Fog Computing: Extending cloud computing to the edge of an enterprise’s network, reducing the amount of data transferred to the cloud for processing and analysis, improving security. This creates efficiencies and has opportunities for companies concerned with compliance issues.

Geofence: A virtual perimeter for a real-world geographic area. A geo-fence could be dynamically generated, such as a radius around a point location, or a geo-fence can be a predefined set of boundaries such as school zones, city or neighborhood boundaries.

Geofencing: Geofencing is a location-based service in which an app or other software uses GPS, RFID, Wi-Fi or cellular data to trigger a pre-programmed action when a mobile device or RFID tag enters or exits a geofenced location.  

Human-Machine-Interface (HMI): HMI is the space where interactions between humans and machines take place. Applications within Industry 4.0 center around machine control achieving new levels of safety and efficiency.

Industrial Software: These are programs that help in the collection, manipulation, and evaluation of digital data from industry. With industrial software, the connected machines take all the data to a single system.

Industry 4.0: Industry 4.0 is the subset of the fourth industrial revolution that concerns the industry. The fourth industrial revolution encompasses areas that are not normally classified as an industry, such as smart cities, for instance. Although the terms “industry 4.0” and “fourth industrial revolution” are often used interchangeably, “industry 4.0” factories have machines which are augmented with wireless connectivity and sensors, connected to a system that can visualize the entire production line and make decisions on its own. In essence, industry 4.0 is the trend towards automation and data exchange in manufacturing technologies and processes which include cyber-physical systems (CPS), the internet of things (IoT), industrial internet of things (IIoT), cloud computing, cognitive computing, and artificial intelligence. According to PwC, the concept of Industry 4.0 should be based on three different pillars: digitalization and integration of vertical and horizontal value chains, digitalization of products and services, and digital business models and the consequent access of the consumer.

Innovation:  The provision of better solutions that meet new requirements, or new and existing market needs. Innovation takes place through the development of more-effective products, processes, services, technologies, or business models.

Internet of Things (loT):  A network of web-enabled machines or other connected devices that are capable of collecting, exchanging, and acting on data in real-time, including sensors, RFID tags, and IP addresses for the networked interconnection of everyday objects.

Interoperability: A computer system or software’s capacity to communicate and exchange data with other machines and software systems.

Intrapreneur: Self-motivated, proactive, and action-oriented people (employees) who take the initiative to pursue an innovative product or service.

Intrapreneurship:  A system and culture that allows an employee to act like an entrepreneur within a company or other organization. Allows employees to use their entrepreneurial skills for the benefit of both the company and the employee.

Lights Out Environment: Lights out manufacturing is a methodology, rather than a specific process, referring to fully automated factories that run ‘lights out’ and require no human presence on-site, hence, they can run with the lights off. A fully automatic factory is one where raw materials enter and finished products leave with little or no human intervention.

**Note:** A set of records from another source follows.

lemma cusum_below_max_finite:
  assumes "cusum_below w Z b n"
  obtains r where "max (cusum w Z n) 0 = ereal r" "0 \<le> r"
proof (cases "n \<le> w")
  case True
  then have "cusum w Z n = 0" by (cases n) auto
  then show ?thesis using that[of 0] by (simp add: zero_ereal_def)
next
  case False
  then have "cusum w Z n < ereal b"
    using assms by (simp add: cusum_below_def)
  then have "max (cusum w Z n) 0 < \<infinity>"
    by (auto simp: max_def)
  moreover have "0 \<le> max (cusum w Z n) 0" by simp
  ultimately show ?thesis using that by (cases "max (cusum w Z n) 0") auto
qed

lemma sr_stopped_invariant:
  "(cusum_below w Z b n \<longrightarrow> exp_ennreal (max (cusum w Z n) 0) \<le> 1 + sr_stopped w Z b n)
   \<and> (\<not> cusum_below w Z b n \<longrightarrow> ennreal (exp b) \<le> sr_stopped w Z b n)"
proof (induction n)
  case 0
  then show ?case by simp
next
  case (Suc n)
  let ?W = "cusum w Z (Suc n)" and ?U' = "sr_stopped w Z b (Suc n)"
  show ?case
  proof (cases "Suc n \<le> w")
    case True
    then show ?thesis by (simp add: cusum_below_def)
  next
    case after_window: False
    show ?thesis
    proof (cases "cusum_below w Z b n")
      case below: True
      obtain r where r: "max (cusum w Z n) 0 = ereal r" "0 \<le> r"
        using cusum_below_max_finite[OF below] .
      have "exp_ennreal ?W = ennreal (exp r) * exp_ennreal (Z (Suc n))"
        using after_window r by (simp add: exp_ennreal_add_ereal)
      also have "\<dots> \<le> ?U'"
        using Suc.IH below after_window r by (auto intro: mult_right_mono)
      finally have W_le: "exp_ennreal ?W \<le> ?U'" .
      show ?thesis
      proof (cases "cusum_below w Z b (Suc n)")
        case True
        have "exp_ennreal (max ?W 0) \<le> 1 + ?U'"
          using W_le by (cases "?W \<le> 0") (auto simp: max_def intro: add_increasing)
        then show ?thesis using True by simp
      next
        case False
        then have "ennreal (exp b) \<le> exp_ennreal ?W"
          using below by (metis cusum_below_Suc exp_ennreal_ereal exp_ennreal_mono not_less)
        then show ?thesis using W_le False by simp
      qed
    next
      case False
      then show ?thesis using Suc.IH after_window by (simp add: cusum_below_Suc)
    qed
  qed
qed

lemma exp_le_sr_stopped:
  "ennreal (exp b) \<le> sr_stopped w Z b n + (if cusum_below w Z b n then ennreal (exp b) else 0)"
  using sr_stopped_invariant[of w Z b n] by (auto intro: add_increasing)

lemma cusum_cong:
  "(\<And>k. w < k \<Longrightarrow> k \<le> n \<Longrightarrow> Z k = Z' k) \<Longrightarrow> cusum w Z n = cusum w Z' n"
  by (induction n) auto

lemma cusum_below_cong:
  "(\<And>k. w < k \<Longrightarrow> k \<le> n \<Longrightarrow> Z k = Z' k) \<Longrightarrow> cusum_below w Z b n = cusum_below w Z' b n"
  unfolding cusum_below_def by (metis cusum_cong order_trans)
lemma Kpois_nonzero_imp_bad_event:
  assumes \<omega>: "\<omega> \<in> space M" and E: "\<forall>i. 0 \<le> E i \<omega>" and W: "\<forall>v k. 0 \<le> W v \<omega> k"
    and m: "1 \<le> m" and K: "Kpois W U E j t 2 \<omega> \<noteq> 0"
  shows "\<omega> \<in> bad_event m t j"
proof -
  from Kpois_two_nonzero_cases[OF _ m K] E
  consider "(\<Sum>i<m. E i \<omega>) \<le> t"
    | u i k where "length u = j" "i \<in> {1..m-1}" "k \<in> {1..m-1}" "i \<noteq> k"
        "U i \<omega> \<in> box W u \<omega>" "U k \<omega> \<in> box W u \<omega>"
    by blast
  thus ?thesis
  proof cases
    case 1
    thus ?thesis using \<omega> by (simp add: bad_event_def)
  next
    case (2 u i k)
    have "\<omega> \<in> light_box_collision m u (i, k)" if "\<not> 1 / real m < path_weight u (weights \<omega>)"
      using that \<omega> 2 box_eq_weight_box[OF W] by (simp add: light_box_collision_def)
    moreover have "(i, k) \<in> distinct_pairs m" using 2 by (auto simp: distinct_pairs_def)
    ultimately have "\<omega> \<in> collision_event m u" using \<omega> by (auto simp: collision_event_def)
    thus ?thesis using 2 by (auto simp: bad_event_def)
  qed
qed

lemma AE_Kpois_tendsto_zero_of_summable:
  fixes t :: "nat \<Rightarrow> real"
  assumes D: "\<And>j. D j \<in> sets M" and summable: "summable (\<lambda>j. measure M (D j))"
    and cover: "\<And>j \<omega>. \<omega> \<in> space M \<Longrightarrow> \<forall>i. 0 \<le> E i \<omega> \<Longrightarrow> \<forall>v k. 0 \<le> W v \<omega> k \<Longrightarrow>
       Kpois W U E j (t j) 2 \<omega> \<noteq> 0 \<Longrightarrow> \<omega> \<in> D j"
  shows "AE \<omega> in M. (\<lambda>j. real (Kpois W U E j (t j) 2 \<omega>)) \<longlonglongrightarrow> 0"
proof -
  have "AE \<omega> in M. eventually (\<lambda>j. \<omega> \<in> space M - D j) sequentially"
    by (rule borel_cantelli_AE1[OF D _ summable]) (simp add: less_top[symmetric])
  with AE_nonneg AE_space show ?thesis
  proof eventually_elim
    case (elim \<omega>)
    from elim(3) have "eventually (\<lambda>j. real (Kpois W U E j (t j) 2 \<omega>) = 0) sequentially"
      by (rule eventually_mono) (use cover elim(1,2) in fastforce)
    thus ?case by (rule tendsto_eventually)
  qed
qed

Machine Learning (ML): A subset of AI, machine learning equips algorithms with the ability to “learn” on their own without human intervention based on experience and new inputs.

Machine-to-Machine Communication (M2M): When networked devices can exchange information and perform actions without the manual intervention of humans. The technology that underpins the Internet of Things.

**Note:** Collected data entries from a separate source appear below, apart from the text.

lemma ln_ratio_tendsto_of_power_bounds:
  fixes D :: "nat \<Rightarrow> real" and a b c C :: real
  assumes a: "1 < a" and b: "1 < b" and c: "0 < c"
    and bounds: "\<forall>\<^sub>F n in sequentially. \<exists>k::nat.
                   b ^ k \<le> c * D n \<and> D n \<le> b ^ k \<and> a ^ k < real n \<and> real n \<le> C * a ^ k"
  shows "(\<lambda>n. ln (D n) / ln (real n)) \<longlonglongrightarrow> ln b / ln a"
proof -
  define \<rho> where "\<rho> = ln b / ln a"
  define M where "M = \<rho> * ln C + ln c"
  have ln_a: "ln a > 0" and \<rho>: "\<rho> * ln a = ln b" "\<rho> > 0"
    using a b by (simp_all add: \<rho>_def)
  have squeeze: "\<rho> - M / ln (real n) \<le> ln (D n) / ln (real n) \<and> ln (D n) / ln (real n) \<le> \<rho>"
    if "b ^ k \<le> c * D n" "D n \<le> b ^ k" "a ^ k < real n" "real n \<le> C * a ^ k" for n k
  proof -
    have "0 < b ^ k" using b by simp
    then have "D n > 0" using that(1) c zero_less_mult_pos[of c "D n"] by linarith
    then have "ln (b ^ k) \<le> ln (c * D n)" "ln (D n) \<le> ln (b ^ k)"
      using that(1,2) \<open>0 < b ^ k\<close> c by simp_all
    then have lnD: "k * ln b - ln c \<le> ln (D n)" "ln (D n) \<le> k * ln b"
      using b c \<open>D n > 0\<close> by (simp_all add: ln_mult ln_realpow)
    have ak_pos: "0 < a ^ k" using a by simp
    moreover have "0 < C * a ^ k" using that(3,4) ak_pos by linarith
    ultimately have "C > 0" using zero_less_mult_pos2[of C "a ^ k"] by blast
    have "ln (a ^ k) < ln (real n)" "ln (real n) \<le> ln (C * a ^ k)"
      using that(3,4) ak_pos by simp_all
    then have lnn: "k * ln a < ln (real n)" "ln (real n) \<le> ln C + k * ln a"
      using a \<open>C > 0\<close> by (simp_all add: ln_mult ln_realpow)
    have L_pos: "ln (real n) > 0"
      using lnn(1) ln_a mult_nonneg_nonneg[of "real k" "ln a"] by linarith
    have k_ln_b: "real k * ln b = \<rho> * (real k * ln a)"
      by (metis \<rho>(1) mult.left_commute)
    have "\<rho> * ln (real n) - M \<le> ln (D n)"
      using lnD(1) mult_left_mono[OF lnn(2) less_imp_le[OF \<rho>(2)]] k_ln_b
      by (simp add: M_def algebra_simps)
    moreover have "ln (D n) \<le> \<rho> * ln (real n)"
      using lnD(2) mult_strict_left_mono[OF lnn(1) \<rho>(2)] k_ln_b by linarith
    moreover have "\<rho> - M / ln (real n) = (\<rho> * ln (real n) - M) / ln (real n)"
      using L_pos by (simp add: field_simps)
    ultimately show ?thesis
      using L_pos by (simp add: divide_right_mono pos_divide_le_eq)
  qed
  have "\<forall>\<^sub>F n in sequentially.
      \<rho> - M / ln (real n) \<le> ln (D n) / ln (real n) \<and> ln (D n) / ln (real n) \<le> \<rho>"
    using bounds by (rule eventually_mono) (use squeeze in blast)
  moreover have "(\<lambda>n. \<rho> - M / ln (real n)) \<longlonglongrightarrow> \<rho>"
    using tendsto_diff[OF tendsto_const tendsto_divide_0[OF tendsto_const
          filterlim_at_top_imp_at_infinity[OF
            filterlim_compose[OF ln_at_top filterlim_real_sequentially]]]]
    by simp
  ultimately show ?thesis
    unfolding \<rho>_def[symmetric] eventually_conj_iff
    using tendsto_sandwich[of "\<lambda>n. \<rho> - M / ln (real n)" "\<lambda>n. ln (D n) / ln (real n)"
        sequentially "\<lambda>_. \<rho>" \<rho>] by simp
qed

theorem theorem4:
  shows "(\<lambda>n. ln (real_of_int (Delta_odd3 n)) / ln (real n))
           \<longlonglongrightarrow> ln 3 / ln 4"
proof (rule ln_ratio_tendsto_of_power_bounds[where c = 3 and C = 16])
  show "\<forall>\<^sub>F n in sequentially. \<exists>k::nat. 3 ^ k \<le> 3 * real_of_int (Delta_odd3 n)
      \<and> real_of_int (Delta_odd3 n) \<le> 3 ^ k \<and> 4 ^ k < real n \<and> real n \<le> 16 * 4 ^ k"
  proof (rule eventually_sequentiallyI[of 4])
    fix n :: nat
    assume "4 \<le> n"
    then obtain k where "3 ^ k \<le> 3 * Delta_odd3 n" "Delta_odd3 n \<le> 3 ^ k" "4 ^ k < n"
      "n \<le> 16 * 4 ^ k"
      by (rule Delta_odd3_power_bounds)
    then have "real_of_int (3 ^ k) \<le> real_of_int (3 * Delta_odd3 n)"
      "real_of_int (Delta_odd3 n) \<le> real_of_int (3 ^ k)"
      "real (4 ^ k) < real n" "real n \<le> real (16 * 4 ^ k)"
      by (simp_all only: of_int_le_iff of_nat_less_iff of_nat_le_iff)
    then show "\<exists>k::nat. 3 ^ k \<le> 3 * real_of_int (Delta_odd3 n)
      \<and> real_of_int (Delta_odd3 n) \<le> 3 ^ k \<and> 4 ^ k < real n \<and> real n \<le> 16 * 4 ^ k"
      by (intro exI[of _ k]) simp
  qed
qed simp_all

end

Machine Vision System (MVS): A type of technology that is a combination of hardware and software that provides operational guidance (inspect, evaluate and identify) to devices in the execution of their functions based on the capture and processing of images. Used for quality control, defect detection, part selection, etc.

Manufacturing Execution System (MES): A production system that allows real-time management. The system records and links operational data (from machines and personal deployment), and is usually connected to the organization’s additional automation systems. MES operates at the operational management level and creates a link between the corporate and operational management levels.

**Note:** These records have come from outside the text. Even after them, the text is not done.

(* Let $\mathbf{A} \in \mathbb{R}^{n\times n}$ be invertible and let $\hat{\mathbf{A}}$ be a random $n\times n$ real matrix, invertible almost surely, such that $\mathbb{E}[\hat{\mathbf{A}}^{-2}]$ exists. Suppose the distribution of $\hat{\mathbf{A}}$ is symmetric about its mean (i.e. $\hat{\mathbf{A}} - \mathbf{A}$ and $\mathbf{A} - \hat{\mathbf{A}}$ have the same distribution) and $\mathbb{E}[\hat{\mathbf{A}}] = \mathbf{A}$. Let $\mathbf{b} \in \mathbb{R}^n$ be a random vector, independent of $\hat{\mathbf{A}}$, with nonsingular auto-correlation matrix $\mathbf{R} = \mathbb{E}[\mathbf{b}\mathbf{b}^T]$. For $\beta \in \mathbb{R}$ define the augmented inverse operator $$\tilde{\mathbf{A}}_\beta^{-1} = \hat{\mathbf{A}}^{-1} - \beta\hat{\mathbf{A}}^{-1}\mathbf{R}^{-1}$$ and the semi-Bayesian residual error $$E(\beta) = \mathbb{E}_{\mathbf{b}}\mathbb{E}_{\hat{\mathbf{A}}}\big[\|\tilde{\mathbf{A}}_\beta^{-1}\mathbf{b} - \mathbf{A}^{-1}\mathbf{b}\|^2_{\mathbf{A}^T\mathbf{A}}\big] = \mathbb{E}_{\hat{\mathbf{A}}}\big[\|\tilde{\mathbf{A}}_\beta^{-1} - \mathbf{A}^{-1}\|^2_{\mathbf{A}^T\mathbf{A},\mathbf{R}}\big].$$ Then the optimal augmentation factor $\beta^* = \arg\min_\beta E(\beta)$ is nonnegative.
   Context: For a vector $\mathbf{v}$ and symmetric positive definite $\mathbf{B}$, $\|\mathbf{v}\|_{\mathbf{B}}^2 = \mathbf{v}^T\mathbf{B}\mathbf{v}$. For matrices, $\langle \mathbf{M}, \mathbf{N}\rangle_{\mathbf{B},\mathbf{R}} = \mathrm{tr}(\mathbf{R}^{1/2}\mathbf{M}^T\mathbf{B}\mathbf{N}\mathbf{R}^{1/2})$ and $\|\mathbf{M}\|_{\mathbf{B},\mathbf{R}}^2 = \langle \mathbf{M},\mathbf{M}\rangle_{\mathbf{B},\mathbf{R}}$. The minimizer of the quadratic $E(\beta)$ is $\beta^* = \mathbb{E}\langle \hat{\mathbf{K}}, \hat{\mathbf{A}}^{-1} - \mathbf{A}^{-1}\rangle_{\mathbf{A}^T\mathbf{A},\mathbf{R}} / \mathbb{E}\|\hat{\mathbf{K}}\|^2_{\mathbf{A}^T\mathbf{A},\mathbf{R}}$ with $\hat{\mathbf{K}} = \hat{\mathbf{A}}^{-1}\mathbf{R}^{-1}$. *)

theory Defs
  imports "HOL-Probability.Probability"
begin

definition wnorm2 :: "real^'n^'n \<Rightarrow> real^'n \<Rightarrow> real" where
  "wnorm2 B v = v \<bullet> (B *v v)"

definition outer :: "real^'n \<Rightarrow> real^'n^'n" where
  "outer v = (\<chi> i j. v $ i * v $ j)"

definition aug_inv :: "real \<Rightarrow> real^'n^'n \<Rightarrow> real^'n^'n \<Rightarrow> real^'n^'n" where
  "aug_inv \<beta> R Ahat = matrix_inv Ahat - \<beta> *\<^sub>R (matrix_inv Ahat ** matrix_inv R)"

definition resid_err ::
  "'a measure \<Rightarrow> real^'n^'n \<Rightarrow> ('a \<Rightarrow> real^'n^'n) \<Rightarrow> ('a \<Rightarrow> real^'n) \<Rightarrow> real^'n^'n \<Rightarrow> real \<Rightarrow> real" where
  "resid_err M A Ahat b R \<beta> =
     (\<integral>\<omega>. wnorm2 (transpose A ** A) (aug_inv \<beta> R (Ahat \<omega>) *v b \<omega> - matrix_inv A *v b \<omega>) \<partial>M)"

end

theory Submission
  imports Defs
begin

text \<open>
  Expanding the square, the residual error is a quadratic E(\<beta>) = E(0) - 2\<beta>c + \<beta>^2 d.
  Its leading coefficient d = E |A K b|^2, with K = Ahat^-1 R^-1, is positive because R is
  invertible, so the unique minimiser is c/d. Independence of Ahat and b turns c into E h(Ahat)
  with h(X) = \<langle>A X^-1 - I, A X^-1\<rangle> (Frobenius inner product), the factor R^-1 of K cancelling
  against E(b b^T) = R. Symmetry of the distribution means that Ahat and 2A - Ahat have the same
  law, so 2c = E(h(Ahat) + h(2A - Ahat)). Finally, if X + Y = 2A, then M = A X^-1 and
  N = A Y^-1 satisfy M + N = 2MN, hence h(X) + h(Y) = |M - N^T|^2 \<ge> 0, and c \<ge> 0.
\<close>

lemma matrix_inv_right:
  fixes X :: "'a::semiring_1^'n^'n"
  assumes "invertible X"
  shows "X ** matrix_inv X = mat 1"
  using someI_ex[OF assms[unfolded invertible_def]] unfolding matrix_inv_def by auto

lemma matrix_inv_left:
  fixes X :: "'a::semiring_1^'n^'n"
  assumes "invertible X"
  shows "matrix_inv X ** X = mat 1"
  using someI_ex[OF assms[unfolded invertible_def]] unfolding matrix_inv_def by auto

lemma invertible_matrix_inv:
  fixes X :: "'a::semiring_1^'n^'n"
  assumes "invertible X"
  shows "invertible (matrix_inv X)"
  using matrix_inv_left[OF assms] matrix_inv_right[OF assms] unfolding invertible_def by blast

lemma not_invertible_zero: "\<not> invertible (0::'a::field^'n^'n)"
proof -
  have "row undefined (0::'a^'n^'n) = 0"
    by (simp add: row_def vec_eq_iff)
  then show ?thesis
    by (simp add: invertible_det_nz det_zero_row(2))
qed

lemma matrix_inv_not_invertible:
  fixes X :: "'a::semiring_1^'n^'n"
  assumes "\<not> invertible X" and "\<not> invertible Y"
  shows "matrix_inv X = matrix_inv Y"
  using assms unfolding matrix_inv_def invertible_def by metis

lemma matrix_inv_cramer:
  fixes X :: "real^'n^'n"
  assumes "invertible X"
  shows "matrix_inv X =
    (\<chi> i j. det (\<chi> r c. if c = i then (if r = j then 1 else 0) else X $ r $ c) / det X)"
proof -
  have "matrix_inv X $ i $ j =
      det (\<chi> r c. if c = i then (if r = j then 1 else 0) else X $ r $ c) / det X" for i j
  proof -
    have "X *v (\<chi> k. matrix_inv X $ k $ j) = (\<chi> r. if r = j then 1 else 0)"
      using arg_cong[where f = "\<lambda>Y. \<chi> r. Y $ r $ j", OF matrix_inv_right[OF assms]]
      by (simp add: vec_eq_iff matrix_vector_mult_def matrix_matrix_mult_def mat_def)
    then have "(\<chi> k. matrix_inv X $ k $ j)
        = (\<chi> k. det (\<chi> r c. if c = k then (\<chi> r. if r = j then 1 else 0) $ r else X $ r $ c) / det X)"
      using cramer[of X] assms invertible_det_nz by blast
    from arg_cong[where f = "\<lambda>v. v $ i", OF this] show ?thesis by (simp only: vec_lambda_beta)
  qed
  then show ?thesis by (simp add: vec_eq_iff)
qed

lemma matrix_add_rdistrib: "((B::'a::semiring_1^'n^'m) + C) ** A = B ** A + C ** A"
  by (vector matrix_matrix_mult_def sum.distrib[symmetric] field_simps)

lemma inner_matrix_eq_trace: "(X::real^'m^'n) \<bullet> Y = trace (X ** transpose Y)"
  by (simp add: inner_vec_def trace_def matrix_matrix_mult_def transpose_def)

lemma inner_mat_1_right: "(X::real^'n^'n) \<bullet> mat 1 = trace X"
  by (simp add: inner_matrix_eq_trace)

lemma norm_transpose: "norm (transpose (X::real^'m^'n)) = norm X"
proof -
  have "transpose X \<bullet> transpose X = X \<bullet> X"
    unfolding inner_vec_def transpose_def by (simp add: sum.swap[of _ "UNIV::'m set"])
  then show ?thesis by (simp add: norm_eq_sqrt_inner)
qed

text \<open>The norm on \<^typ>\<open>real^'m^'n\<close> is the Frobenius norm.\<close>

lemma norm_matrix_vector_mult_le: "norm ((X::real^'m^'n) *v v) \<le> norm X * norm v"
proof -
  have row: "(X *v v) $ i = X $ i \<bullet> v" for i
    by (simp add: matrix_vector_mult_def inner_vec_def)
  have "(norm (X *v v))\<^sup>2 = (\<Sum>i\<in>UNIV. (X $ i \<bullet> v)\<^sup>2)"
    unfolding power2_norm_eq_inner by (simp add: inner_vec_def row power2_eq_square)
  also have "\<dots> \<le> (\<Sum>i\<in>UNIV. (norm (X $ i))\<^sup>2 * (norm v)\<^sup>2)"
    by (intro sum_mono)
      (metis Cauchy_Schwarz_ineq2 abs_ge_zero power_mono power_mult_distrib power2_abs)
  also have "\<dots> = (norm X * norm v)\<^sup>2"
    by (simp add: power_mult_distrib sum_distrib_right power2_norm_eq_inner inner_vec_def[of X])
  finally show ?thesis by (simp add: power2_le_iff_abs_le)
qed

lemma norm_matrix_mult_le: "norm ((X::real^'m^'n) ** Y) \<le> norm X * norm Y"
proof -
  have row: "(X ** Y) $ i = transpose Y *v X $ i" for i
    by (simp add: vec_eq_iff matrix_matrix_mult_def matrix_vector_mult_def transpose_def mult.commute)
  have "(norm (X ** Y))\<^sup>2 = (\<Sum>i\<in>UNIV. (norm ((X ** Y) $ i))\<^sup>2)"
    unfolding power2_norm_eq_inner by (simp add: inner_vec_def)
  also have "\<dots> \<le> (\<Sum>i\<in>UNIV. (norm (X $ i))\<^sup>2 * (norm Y)\<^sup>2)"
    unfolding row
    by (intro sum_mono) (metis norm_matrix_vector_mult_le norm_transpose norm_ge_zero power_mono
        power_mult_distrib mult.commute)
  also have "\<dots> = (norm X * norm Y)\<^sup>2"
    by (simp add: power_mult_distrib sum_distrib_right power2_norm_eq_inner inner_vec_def[of X])
  finally show ?thesis by (simp add: power2_le_iff_abs_le)
qed

lemma inner_outer: "(P::real^'n^'n) \<bullet> outer v = v \<bullet> (P *v v)"
  by (simp add: inner_vec_def outer_def matrix_vector_mult_def sum_distrib_left mult_ac)

lemma inner_matrix_vector_mult_eq_outer:
  "((F::real^'n^'m) *v v) \<bullet> (G *v v) = (transpose F ** G) \<bullet> outer v"
  by (metis inner_outer dot_lmul_matrix inner_commute matrix_vector_mul_assoc transpose_matrix_vector)

lemma inner_transpose_mult_symmetric:
  fixes F N R :: "real^'n^'n"
  assumes "invertible R" and "transpose R = R"
  shows "(transpose F ** (N ** matrix_inv R)) \<bullet> R = F \<bullet> N"
proof -
  have "(transpose F ** (N ** matrix_inv R)) \<bullet> R = trace (transpose F ** N ** (matrix_inv R ** R))"
    by (simp add: inner_matrix_eq_trace assms(2) matrix_mul_assoc)
  also have "\<dots> = trace (N ** transpose F)"
    by (simp add: matrix_inv_left[OF assms(1)] trace_mul_sym[of "transpose F"])
  finally show ?thesis by (metis inner_commute inner_matrix_eq_trace)
qed

lemma wnorm2_transpose_mult_self: "wnorm2 (transpose A ** A) w = (A *v w) \<bullet> (A *v w)"
proof -
  have "(transpose A ** A) *v w = (A *v w) v* A"
    by (simp flip: matrix_vector_mul_assoc)
  then show ?thesis
    unfolding wnorm2_def by (metis inner_commute dot_lmul_matrix)
qed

Mixed Reality (MR): MR is an advanced form of augmented reality, integrating the virtual and physical worlds to create an immersive interface.

Open Data: Open data is data that is available for public use without restrictions.

Open Systems Interconnection (OSI): This is a model that describes how different components in a network communicate with each other. OSI divides communication into 7 layers, called stations. All stations are recorded in a protocol so that they can receive the necessary information from the inner layer and thus function effectively.

Overall Equipment Effectiveness (OEE): The evaluation of how effectively equipment is working in a manufacturing environment.

Platform: A system comprising a hardware device together with an operating system that an application, program or process can run upon.

Predictive Maintenance: The capacity to predict the productivity and maintenance needs of machines within a smart factory. Predictive maintenance also has potential is for machine manufacturers to have data coming back to them after their products are installed in the customer’s factories. By better understanding how a product is used and being able to detect defects (and ideally, remote maintenance) leads to better future design and improved customer relationships.

Process Integration: Digital sharing with outside suppliers and internally (vertical and horizontal).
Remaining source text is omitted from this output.